Board of Supervisors
Kim Brooks
Express Editor

     The Jones County Supervisors met with representatives from EIRUSS (Eastern Iowa Regional Utility Service Systems) during their Sept. 29 board meeting. The purpose of the discussion centered on the financial status of both the Fairview wastewater system and the Center Junction water and wastewater systems.

     Matt Specht and Mark Schneider from EIRUSS were both present to field questions from the supervisors and update them on both systems.

     “Both Jones County systems continues to lose money,” said Specht.

     EIRUSS is seeking suggestions or assistance from Jones County “to help dig us out of the negative trend.”

     Specht said they do not want to have to raise rates again to help cover their losses.

     “We don’t feel we can raise rates again to get us through this,” he said.

     EIRUSS has reached out to Sen. Chuck Grassley’s office regarding the USDA funding the Fairview project received early on. Specht said there has been no help on this front.

     “There are a lot of issues with the Fairview system,” he added. “The pumps are not the greatest quality.”

     Both Specht and Schneider said the issues are not problems caused by the users of the system, but rather the equipment.

     While EIRUSS received a 40-year USDA fix-loan to fund the project, the equipment is owned and maintained by EIRUSS.

     Supervisor Wayne Manternach asked whether the USDA was contacted regarding the failed equipment.

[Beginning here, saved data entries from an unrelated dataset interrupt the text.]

lemma has_real_derivative_weighted_poly:
  assumes "s \<in> {0<..<1}"
  shows "((\<lambda>t. t powr b * (1 - t) powr a * poly Q t) has_real_derivative
           s powr (b - 1) * (1 - s) powr (a - 1) * poly (weighted_deriv_poly b a Q) s) (at s)"
proof -
  from assms have s0: "s > 0" and s1: "1 - s > 0" by auto
  have "((\<lambda>t. t powr b * (1 - t) powr a * poly Q t) has_real_derivative
      (b * s powr (b - 1) * (1 - s) powr a + s powr b * (a * (1 - s) powr (a - 1) * (0 - 1))) * poly Q s
        + s powr b * (1 - s) powr a * poly (pderiv Q) s) (at s)"
    using s0 s1
    by (intro derivative_eq_intros DERIV_mult has_real_derivative_powr poly_DERIV
          DERIV_chain2[OF has_real_derivative_powr]) auto
  moreover have "s powr b = s powr (b - 1) * s" using s0 by (simp add: powr_diff)
  moreover have "(1 - s) powr a = (1 - s) powr (a - 1) * (1 - s)" using s1 by (simp add: powr_diff)
  ultimately show ?thesis
    by (simp add: weighted_deriv_poly_def algebra_simps)
qed
lemma eventually_all_served: "\<exists>n. reached \<subseteq> served n"
proof (rule ccontr)
  assume "\<nexists>n. reached \<subseteq> served n"
  then have unfinished: "reached - served n \<noteq> {}" for n
    by blast
  have "n \<le> jump n" for n
  proof (induction n)
    case (Suc n)
    then show ?case
      using jump_strict_mono[of n "Suc n"] unfinished by fastforce
  qed simp
  moreover obtain \<alpha> where "\<alpha> \<in> reached - served horizon"
    using unfinished by blast
  then have "jump horizon < horizon"
    using jump_less_first_visit first_visit_le_horizon by (meson DiffD1 order_less_le_trans)
  ultimately show False
    using not_le by blast
qed

definition finish :: nat where
  "finish = (LEAST n. reached \<subseteq> served n)"

lemma all_served_finish: "reached \<subseteq> served n \<longleftrightarrow> finish \<le> n"
proof
  show "finish \<le> n" if "reached \<subseteq> served n"
    unfolding finish_def using that by (rule Least_le)
  show "reached \<subseteq> served n" if "finish \<le> n"
    using LeastI_ex[OF eventually_all_served] served_mono[OF that] unfolding finish_def by blast
qed

lemma jump_mono:
  assumes "m \<le> m'" and "reached - served m' \<noteq> {}"
  shows "jump m \<le> jump m'"
proof (cases "m = m'")
  case False
  then show ?thesis
    using jump_strict_mono[of m m'] assms by simp
qed simp

lemma unreached_before_jump:
  assumes "\<forall>k\<le>n. short k \<notin> target G \<alpha>" and "k \<le> jump n"
  shows "\<rho> k \<notin> target G \<alpha>"
proof (cases "\<alpha> \<in> reached")
  case True
  then have "\<alpha> \<in> reached - served n"
    using assms(1) unfolding served_eq by blast
  then show ?thesis
    using jump_less_first_visit assms(2) before_first_visit by (meson le_less_trans)
qed (auto simp: reached_def)

text \<open>The steps of the shortcut from \<open>n\<close> on use the edges of \<open>\<rho>\<close> at the strictly increasing
  positions \<open>jump n, jump (n + 1), \<dots>\<close>, all before the first visit of \<open>\<rho>\<close> to the target.\<close>

lemma short_segment_cost_le:
  assumes unserved: "\<And>i. i < d \<Longrightarrow> \<alpha> \<in> reached - served (n + i)"
    and e: "first_visit \<alpha> = jump n + e"
  shows "path_cost G (\<lambda>j. short (n + j)) d \<alpha> \<le> path_cost G (\<lambda>j. \<rho> (jump n + j)) e \<alpha>"
proof -
  define f where "f j = tcost G (\<rho> (jump n + j)) (\<rho> (Suc (jump n + j))) \<alpha>" for j
  define p where "p i = jump (n + i) - jump n" for i
  have jump_shift: "jump (n + i) = jump n + p i" if "i < d" for i
  proof -
    have "jump n \<le> jump (n + i)"
      using unserved[OF that] by (intro jump_mono) auto
    then show ?thesis
      by (simp add: p_def)
  qed
  have "strict_mono_on {..<d} p"
  proof (rule strict_mono_onI)
    fix i j
    assume "i \<in> {..<d}" "j \<in> {..<d}" "i < j"
    then show "p i < p j"
      using jump_strict_mono[of "n + i" "n + j"] unserved[of j] jump_shift[of i] jump_shift[of j] by auto
  qed
  moreover have "p i < e" if "i < d" for i
    using jump_less_first_visit[OF unserved[OF that]] jump_shift[OF that] e by simp
  ultimately have "(\<Sum>i<d. f (p i)) \<le> (\<Sum>j<e. f j)"
    by (intro sum_inj_le strict_mono_on_imp_inj_on)
  moreover have short_step: "short (n + i) = \<rho> (jump n + p i)" "short (Suc (n + i)) = \<rho> (Suc (jump n + p i))"
    if "i < d" for i
    using short_edge[of "n + i"] jump_shift[OF that] by simp_all
  have "path_cost G (\<lambda>j. short (n + j)) d \<alpha> = (\<Sum>i<d. f (p i))"
    unfolding path_cost_def f_def using short_step by (intro sum.cong) simp_all
  ultimately show ?thesis
    by (simp add: path_cost_def f_def)
qed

     “Yes, and we’ve received no answer, no help,” said Schneider. “Our only option is to extend our loan, but that won’t change the interest rates.”

     Supervisor Lloyd Eaken, who sits on the EIRUSS board, contacted Sen. Grassley and Sen. Joni Ernst regarding the situation. He said he received the same answer as provided by the USDA.

     “There’s nothing they could do,” Eaken said. “And I contacted them as both a user (of the Fairview system) and a member of board of supervisors and EIRUSS.”

     Schneider explained that when the USDA funds a project like this, it is the USDA that determines a reasonable rate users should pay per month, as well as determining operation and maintenance costs.

     “We were told the pumps meet the specs at a 20-year life,” noted Schneider. “But they’re only lasting a couple of years (before they have to be replaced again). So we’ve raised user rates to cover the cost to replace the pumps so often. And now we can’t keep up with it.”

     “We don’t feel we can put much more on the residents out there,” added Specht. “We need assistance getting us going in the right direction.”

     The board informed Specht and Schneider that the time to request county funding is during their budget season in early 2021.

     Supervisor Wayne Manternach asked whether the USDA was privy to the costs associated with the Fairview system.

     “They get our financials and audit every year,” answered Schneider.

     EIRUSS has 68 users on both the Fairview and Center Junction system.

     To assist EIRUSS, the board approved a Privacy Release Authorization Form for Rep. Abby Finkenaur to investigate the USDA funding of the Fairview sanitary sewer system.